- Brief:
Copy out the lines of the material that include the string "blast".

- The data:

(* Let $n\ge 1$ and let $T_n$ be the $n\times n$ tridiagonal matrix with diagonal entries $(T_n)_{ii}=1$ for $1\le i\le n$, superdiagonal entries $(T_n)_{i,i+1}=i$ and subdiagonal entries $(T_n)_{i+1,i}=n-i$ for $1\le i\le n-1$, and all other entries $0$. Then $$\det(T_n)=\begin{cases}0 & \text{if } n \text{ is even},\\[4pt] \dfrac{(-1)^{\frac{n-1}{2}}\, n!}{2^{n-1}}\dbinom{n-1}{\frac{n-1}{2}} & \text{if } n \text{ is odd}.\end{cases}$$ *)

theory Defs
  imports "Jordan_Normal_Form.Determinant"
begin

text \<open>The n x n tridiagonal matrix T_n, 0-indexed: paper entry (i+1, j+1) is entry (i, j) here.
  Diagonal 1; superdiagonal (paper (i,i+1) = i) becomes entry (r, r+1) = r+1;
  subdiagonal (paper (i+1,i) = n-i) becomes entry (r, r-1) = n - r.\<close>
definition T_mat :: "nat \<Rightarrow> real mat" where
  "T_mat n = mat n n (\<lambda>(r, c).
      if r = c then 1
      else if c = r + 1 then real (r + 1)
      else if r = c + 1 then real n - real r
      else 0)"

end

theory Submission imports Defs begin

text \<open>Conjugating \<open>T\<^sub>n\<close> by the upper triangular Pascal matrix \<open>B = (binom c r)\<^sub>r\<^sub>,\<^sub>c\<close>
  makes it lower bidiagonal: \<open>T\<^sub>n B = B M\<close>, where \<open>M\<close> has diagonal entries \<open>2c + 2 - n\<close>
  (\<open>0 \<le> c < n\<close>), i.e. the eigenvalues \<open>-n + 2, -n + 4, \<dots>, n\<close> of \<open>T\<^sub>n\<close>. Entrywise this is
  Pascal's rule combined with the absorption identity \<open>(k+1) binom c (k+1) = (c-k) binom c k\<close>.
  As \<open>det B = 1\<close>, \<open>det T\<^sub>n\<close> is the product of these eigenvalues. For even \<open>n\<close> one of them
  is \<open>0\<close>; for \<open>n = 2m + 1\<close> they are the odd numbers from \<open>-(2m - 1)\<close> to \<open>2m + 1\<close>, with
  product \<open>(-1)\<^sup>m (2m + 1) ((2m - 1)!!)\<^sup>2\<close>.\<close>

lemma binomial_Suc_absorb_real:
  "real (Suc k) * real (c choose Suc k) = (real c - real k) * real (c choose k)"
proof (cases "k \<le> c")
  case True
  have "real (Suc k * (c choose Suc k)) = real ((c - k) * (c choose k))"
    by (metis binomial_absorb_comp binomial_absorption)
  then show ?thesis using True by (simp add: of_nat_diff algebra_simps)
next
  case False
  then show ?thesis by (simp add: binomial_eq_0)
qed

definition pascal_mat :: "nat \<Rightarrow> 'a :: comm_ring_1 mat" where
  "pascal_mat n = mat n n (\<lambda>(r, c). of_nat (c choose r))"

definition T_bidiag :: "nat \<Rightarrow> real mat" where
  "T_bidiag n = mat n n (\<lambda>(r, c).
      if r = c then 2 * real c + 2 - real n
      else if r = c + 1 then real n - 1 - real c
      else 0)"

lemma det_pascal_mat: "det (pascal_mat n) = 1"
proof -
  have "det (pascal_mat n) = prod_list (diag_mat (pascal_mat n))"
    by (rule det_upper_triangular[of _ n])
      (auto simp: pascal_mat_def upper_triangular_def binomial_eq_0)
  also have "\<dots> = 1"
    by (simp add: prod_list_diag_prod pascal_mat_def)
  finally show ?thesis .
qed

lemma det_T_bidiag: "det (T_bidiag n) = (\<Prod>c = 0..<n. 2 * real c + 2 - real n)"
proof -
  have "det (T_bidiag n) = prod_list (diag_mat (T_bidiag n))"
    by (rule det_lower_triangular[of n]) (auto simp: T_bidiag_def)
  also have "\<dots> = (\<Prod>c = 0..<n. 2 * real c + 2 - real n)"
    by (simp add: prod_list_diag_prod T_bidiag_def)
  finally show ?thesis .
qed

lemma T_pascal_entry_identity:
  "real (c choose r) + real (Suc r) * real (c choose Suc r)
     + (if r = 0 then 0 else (real n - real r) * real (c choose (r - 1)))
   = (2 * real c + 2 - real n) * real (c choose r)
     + (real n - 1 - real c) * real (Suc c choose r)"
proof (cases r)
  case 0
  then show ?thesis by (simp add: binomial_Suc_absorb_real algebra_simps)
next
  case (Suc s)
  then show ?thesis
    using binomial_Suc_absorb_real[of s c] binomial_Suc_absorb_real[of "Suc s" c]
    by (simp add: algebra_simps)
qed

lemma T_mat_pascal_conj: "T_mat n * pascal_mat n = pascal_mat n * T_bidiag n"
proof (rule eq_matI)
  fix r c
  assume "r < dim_row (pascal_mat n * T_bidiag n)" "c < dim_col (pascal_mat n * T_bidiag n)"
  then have r: "r < n" and c: "c < n"
    by (auto simp: pascal_mat_def T_bidiag_def)
  have "(T_mat n * pascal_mat n) $$ (r, c) = (\<Sum>k = 0..<n.
      (if k = r then real (c choose r) else 0)
      + (if k = Suc r then real (Suc r) * real (c choose Suc r) else 0)
      + (if r \<noteq> 0 \<and> k = r - 1 then (real n - real r) * real (c choose (r - 1)) else 0))"
    using r c unfolding T_mat_def pascal_mat_def
    by (auto simp: scalar_prod_def intro!: sum.cong)
  also have "\<dots> = real (c choose r) + real (Suc r) * real (c choose Suc r)
     + (if r = 0 then 0 else (real n - real r) * real (c choose (r - 1)))"
  proof -
    have "n \<le> Suc r \<Longrightarrow> c choose Suc r = 0"
      using c by (simp add: binomial_eq_0)
    then show ?thesis
      using r by (cases r) (auto simp: sum.distrib)
  qed
  also have "\<dots> = (2 * real c + 2 - real n) * real (c choose r)
      + (real n - 1 - real c) * real (Suc c choose r)"
    by (rule T_pascal_entry_identity)
  also have "\<dots> = (\<Sum>k = 0..<n.
      (if k = c then (2 * real c + 2 - real n) * real (c choose r) else 0)
      + (if k = Suc c then (real n - 1 - real c) * real (Suc c choose r) else 0))"
  proof -
    have "n \<le> Suc c \<Longrightarrow> real n - 1 - real c = 0"
      using c by simp
    then show ?thesis
      using c by (simp add: sum.distrib)
  qed
  also have "\<dots> = (pascal_mat n * T_bidiag n) $$ (r, c)"
    using r c unfolding pascal_mat_def T_bidiag_def
    by (auto simp: scalar_prod_def intro!: sum.cong)
  finally show "(T_mat n * pascal_mat n) $$ (r, c) = (pascal_mat n * T_bidiag n) $$ (r, c)" .
qed (auto simp: T_mat_def pascal_mat_def T_bidiag_def)

lemma det_T_mat_eq_det_T_bidiag: "det (T_mat n) = det (T_bidiag n)"
proof -
  have carrier: "T_mat n \<in> carrier_mat n n" "pascal_mat n \<in> carrier_mat n n"
      "T_bidiag n \<in> carrier_mat n n"
    by (auto simp: T_mat_def pascal_mat_def T_bidiag_def)
  have "det (T_mat n) = det (T_mat n * pascal_mat n)"
    by (simp add: det_mult[OF carrier(1,2)] det_pascal_mat)
  also have "\<dots> = det (pascal_mat n * T_bidiag n)"
    by (simp add: T_mat_pascal_conj)
  also have "\<dots> = det (T_bidiag n)"
    by (simp add: det_mult[OF carrier(2,3)] det_pascal_mat)
  finally show ?thesis .
qed

lemma prod_odd_numbers: "2 ^ m * fact m * (\<Prod>k<m. 2 * real k + 1) = fact (2 * m)"
proof (induction m)
  case (Suc m)
  have "2 ^ Suc m * fact (Suc m) * (\<Prod>k<Suc m. 2 * real k + 1)
      = (2 * real m + 2) * (2 * real m + 1) * (2 ^ m * fact m * (\<Prod>k<m. 2 * real k + 1))"
    by (simp add: algebra_simps)
  also have "\<dots> = (2 * real m + 2) * (2 * real m + 1) * fact (2 * m)"
    by (simp only: Suc.IH)
  also have "\<dots> = fact (2 * Suc m)"
    by (simp add: algebra_simps)
  finally show ?case .
qed simp

lemma prod_odd_numbers_centered:
  "(\<Prod>c<2 * m + 1. 2 * real c + 1 - 2 * real m)
     = (-1) ^ m * (2 * real m + 1) * (\<Prod>k<m. 2 * real k + 1) ^ 2"
proof -
  let ?f = "\<lambda>c. 2 * real c + 1 - 2 * real m"
  have negative: "(\<Prod>c<m. ?f c) = (-1) ^ m * (\<Prod>k<m. 2 * real k + 1)"
  proof -
    have "(\<Prod>c<m. ?f c) = (\<Prod>k<m. ?f (m - Suc k))"
      by (rule prod.nat_diff_reindex[symmetric])
    also have "\<dots> = (\<Prod>k<m. - (2 * real k + 1))"
      by (intro prod.cong) (auto simp: of_nat_diff)
    also have "\<dots> = (-1) ^ m * (\<Prod>k<m. 2 * real k + 1)"
      by (subst prod_uminus) simp
    finally show ?thesis .
  qed
  have positive: "(\<Prod>k<m + 1. ?f (m + k)) = (2 * real m + 1) * (\<Prod>k<m. 2 * real k + 1)"
    by (simp add: algebra_simps)
  have "(\<Prod>c<2 * m + 1. ?f c) = (\<Prod>c<m. ?f c) * (\<Prod>k<m + 1. ?f (m + k))"
    using prod.atLeastLessThan_concat[of 0 m "2 * m + 1" ?f]
    by (simp add: prod.atLeastLessThan_shift_0[of ?f m] lessThan_atLeast0 comp_def)
  then show ?thesis
    using negative positive by (simp add: power2_eq_square)
qed

lemma prod_T_bidiag_diagonal:
  assumes "n \<ge> 1"
  shows "(\<Prod>c = 0..<n. 2 * real c + 2 - real n) =
    (if even n then 0
     else (-1) ^ ((n - 1) div 2) * fact n / 2 ^ (n - 1) * real ((n - 1) choose ((n - 1) div 2)))"
proof (cases "even n")
  case True
  then obtain m where "n = 2 * m" by blast
  with assms have "m - 1 \<in> {0..<n}" "2 * real (m - 1) + 2 - real n = 0"
    by auto
  then show ?thesis
    using True by (metis prod_zero_iff finite_atLeastLessThan)
next
  case False
  then obtain m where m: "n = 2 * m + 1" by (blast elim: oddE)
  let ?P = "\<Prod>k<m. 2 * real k + 1"
  have "(\<Prod>c = 0..<n. 2 * real c + 2 - real n) = (\<Prod>c<2 * m + 1. 2 * real c + 1 - 2 * real m)"
    unfolding m lessThan_atLeast0 by (intro prod.cong) auto
  also have "\<dots> = (-1) ^ m * ((2 * real m + 1) * ?P ^ 2)"
    by (simp only: prod_odd_numbers_centered mult.assoc)
  also have "(2 * real m + 1) * ?P ^ 2 = fact (2 * m + 1) / 2 ^ (2 * m) * real (2 * m choose m)"
  proof -
    have "fact (2 * m + 1) / 2 ^ (2 * m) * real (2 * m choose m)
        = (2 * real m + 1) * (fact (2 * m) / (2 ^ m * fact m)) ^ 2"
      by (simp add: binomial_fact power_mult power2_eq_square field_simps)
    then show ?thesis
      by (simp flip: prod_odd_numbers)
  qed
  finally show ?thesis
    using m by simp
qed

theorem mainTheorem4:
  fixes n :: nat
  assumes "n \<ge> 1"
  shows "det (T_mat n) =
    (if even n then 0
     else (-1) ^ ((n - 1) div 2) * fact n / 2 ^ (n - 1) * real ((n - 1) choose ((n - 1) div 2)))"
  using prod_T_bidiag_diagonal[OF assms]
  by (simp add: det_T_mat_eq_det_T_bidiag det_T_bidiag)

end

- Solution to the exercise:
  then obtain m where "n = 2 * m" by blast
  then obtain m where m: "n = 2 * m + 1" by (blast elim: oddE)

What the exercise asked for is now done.